Stored data entries:
text \<open>The renaming \<open>s \<mapsto> s\H\<close> is injective, so we identify
  the place \<open>s\H\<close> with \<open>s\<close> (renaming by the identity); H-labelled transitions are deleted.\<close>
definition net_restrict :: "'a set \<Rightarrow> (('a, 'c) proc, 'a) fsm \<Rightarrow> (('a, 'c) proc, 'a) fsm" where
  "net_restrict H N = \<lparr>places = places N, labels = labels N - H,
     trans = {(s, l, m). (s, l, m) \<in> trans N \<and> l \<notin> H}\<rparr>"

definition DNI :: "'a \<Rightarrow> 'a set \<Rightarrow> ('c \<Rightarrow> ('a, 'c) proc) \<Rightarrow> ('a, 'c) proc \<Rightarrow> bool" where
  "DNI tau H \<Delta> p \<longleftrightarrow>
    (\<forall>p' p'' h. reachable \<Delta> p p' \<and> reachable \<Delta> p p'' \<and> h \<in> H \<and> step \<Delta> p' h p'' \<longrightarrow>
       (dec p', dec p'') \<in> add_closure (bbisimilar tau
          (fsm_union (net_restrict H (cfm_net \<Delta> p')) (net_restrict H (cfm_net \<Delta> p'')))))"

end

theory Submission
  imports Defs
begin

(* Every h-transition p' -> p'' of a state reachable from p is performed by one sequential
  component: dec p' = M + dec s' and dec p'' = M + dec s'' with s' reachable from some element
  of dec p; conversely every such transition of a component lifts to p. So it suffices that
  team equivalence of s' and s'' is unaffected by the idle context M. Adding M is harmless since
  the identity is a branching bisimulation of any FSM. Removing M is possible since branching
  bisimilarity is an equivalence, so its additive closure compares the multisets of equivalence
  classes and is cancellative. Finally, the net of s', s'' is a full sub-net of the net of
  p', p'' that is closed under transitions, and on such a sub-net branching bisimilarity is the
  restriction of branching bisimilarity of the larger net. *)

section \<open>Branching bisimilarity\<close>

lemma eps_trans:
  assumes "eps tau N a {#b#}" and "eps tau N b m"
  shows "eps tau N a m"
  using assms(2,1) by (induction rule: eps.induct) (auto intro: eps.tstep)

lemma eps_mono:
  assumes "eps tau N1 s m" and "fsm.trans N1 \<subseteq> fsm.trans N2"
  shows "eps tau N2 s m"
  using assms by (induction rule: eps.induct) (auto intro: eps.intros)

lemma prel_relcomp: "prel R1 a b \<Longrightarrow> prel R2 b c \<Longrightarrow> prel (R1 O R2) a c"
  by (auto simp: prel_def)

definition post_rel :: "('s \<times> 's) set \<Rightarrow> 's multiset \<Rightarrow> 's multiset \<Rightarrow> bool" where
  "post_rel R m1 m2 \<longleftrightarrow> m1 = {#} \<and> m2 = {#} \<or> prel R m1 m2"

lemma post_rel_relcomp: "post_rel R1 a b \<Longrightarrow> post_rel R2 b c \<Longrightarrow> post_rel (R1 O R2) a c"
  by (auto simp: post_rel_def prel_def)

definition bb_match ::
    "'l \<Rightarrow> ('s, 'l) fsm \<Rightarrow> ('s \<times> 's) set \<Rightarrow> 's \<Rightarrow> 'l \<Rightarrow> 's multiset \<Rightarrow> 's \<Rightarrow> bool" where
  "bb_match tau N R s1 l m1 s2 \<longleftrightarrow>
     (l = tau \<and> (\<exists>s'. eps tau N s2 {#s'#} \<and> (s1, s') \<in> R \<and> prel R m1 {#s'#}))
   \<or> (\<exists>s m2. eps tau N s2 {#s#} \<and> (s, l, m2) \<in> fsm.trans N \<and> (s1, s) \<in> R \<and> post_rel R m1 m2)"

lemma bb_half_iff_bb_match:
  "bb_half tau N R \<longleftrightarrow>
     (\<forall>s1 s2 l m1. (s1, s2) \<in> R \<longrightarrow> (s1, l, m1) \<in> fsm.trans N \<longrightarrow> bb_match tau N R s1 l m1 s2)"
  unfolding bb_half_def bb_match_def post_rel_def by blast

_WORK TO COMPLETE_: Would you transcribe all of the data, keeping each line exact?

_ANSWER SECTION_:
text \<open>The renaming \<open>s \<mapsto> s\H\<close> is injective, so we identify
  the place \<open>s\H\<close> with \<open>s\<close> (renaming by the identity); H-labelled transitions are deleted.\<close>
definition net_restrict :: "'a set \<Rightarrow> (('a, 'c) proc, 'a) fsm \<Rightarrow> (('a, 'c) proc, 'a) fsm" where
  "net_restrict H N = \<lparr>places = places N, labels = labels N - H,
     trans = {(s, l, m). (s, l, m) \<in> trans N \<and> l \<notin> H}\<rparr>"

definition DNI :: "'a \<Rightarrow> 'a set \<Rightarrow> ('c \<Rightarrow> ('a, 'c) proc) \<Rightarrow> ('a, 'c) proc \<Rightarrow> bool" where
  "DNI tau H \<Delta> p \<longleftrightarrow>
    (\<forall>p' p'' h. reachable \<Delta> p p' \<and> reachable \<Delta> p p'' \<and> h \<in> H \<and> step \<Delta> p' h p'' \<longrightarrow>
       (dec p', dec p'') \<in> add_closure (bbisimilar tau
          (fsm_union (net_restrict H (cfm_net \<Delta> p')) (net_restrict H (cfm_net \<Delta> p'')))))"

end

theory Submission
  imports Defs
begin

(* Every h-transition p' -> p'' of a state reachable from p is performed by one sequential
  component: dec p' = M + dec s' and dec p'' = M + dec s'' with s' reachable from some element
  of dec p; conversely every such transition of a component lifts to p. So it suffices that
  team equivalence of s' and s'' is unaffected by the idle context M. Adding M is harmless since
  the identity is a branching bisimulation of any FSM. Removing M is possible since branching
  bisimilarity is an equivalence, so its additive closure compares the multisets of equivalence
  classes and is cancellative. Finally, the net of s', s'' is a full sub-net of the net of
  p', p'' that is closed under transitions, and on such a sub-net branching bisimilarity is the
  restriction of branching bisimilarity of the larger net. *)

section \<open>Branching bisimilarity\<close>

lemma eps_trans:
  assumes "eps tau N a {#b#}" and "eps tau N b m"
  shows "eps tau N a m"
  using assms(2,1) by (induction rule: eps.induct) (auto intro: eps.tstep)

lemma eps_mono:
  assumes "eps tau N1 s m" and "fsm.trans N1 \<subseteq> fsm.trans N2"
  shows "eps tau N2 s m"
  using assms by (induction rule: eps.induct) (auto intro: eps.intros)

lemma prel_relcomp: "prel R1 a b \<Longrightarrow> prel R2 b c \<Longrightarrow> prel (R1 O R2) a c"
  by (auto simp: prel_def)

definition post_rel :: "('s \<times> 's) set \<Rightarrow> 's multiset \<Rightarrow> 's multiset \<Rightarrow> bool" where
  "post_rel R m1 m2 \<longleftrightarrow> m1 = {#} \<and> m2 = {#} \<or> prel R m1 m2"

lemma post_rel_relcomp: "post_rel R1 a b \<Longrightarrow> post_rel R2 b c \<Longrightarrow> post_rel (R1 O R2) a c"
  by (auto simp: post_rel_def prel_def)

definition bb_match ::
    "'l \<Rightarrow> ('s, 'l) fsm \<Rightarrow> ('s \<times> 's) set \<Rightarrow> 's \<Rightarrow> 'l \<Rightarrow> 's multiset \<Rightarrow> 's \<Rightarrow> bool" where
  "bb_match tau N R s1 l m1 s2 \<longleftrightarrow>
     (l = tau \<and> (\<exists>s'. eps tau N s2 {#s'#} \<and> (s1, s') \<in> R \<and> prel R m1 {#s'#}))
   \<or> (\<exists>s m2. eps tau N s2 {#s#} \<and> (s, l, m2) \<in> fsm.trans N \<and> (s1, s) \<in> R \<and> post_rel R m1 m2)"

lemma bb_half_iff_bb_match:
  "bb_half tau N R \<longleftrightarrow>
     (\<forall>s1 s2 l m1. (s1, s2) \<in> R \<longrightarrow> (s1, l, m1) \<in> fsm.trans N \<longrightarrow> bb_match tau N R s1 l m1 s2)"
  unfolding bb_half_def bb_match_def post_rel_def by blast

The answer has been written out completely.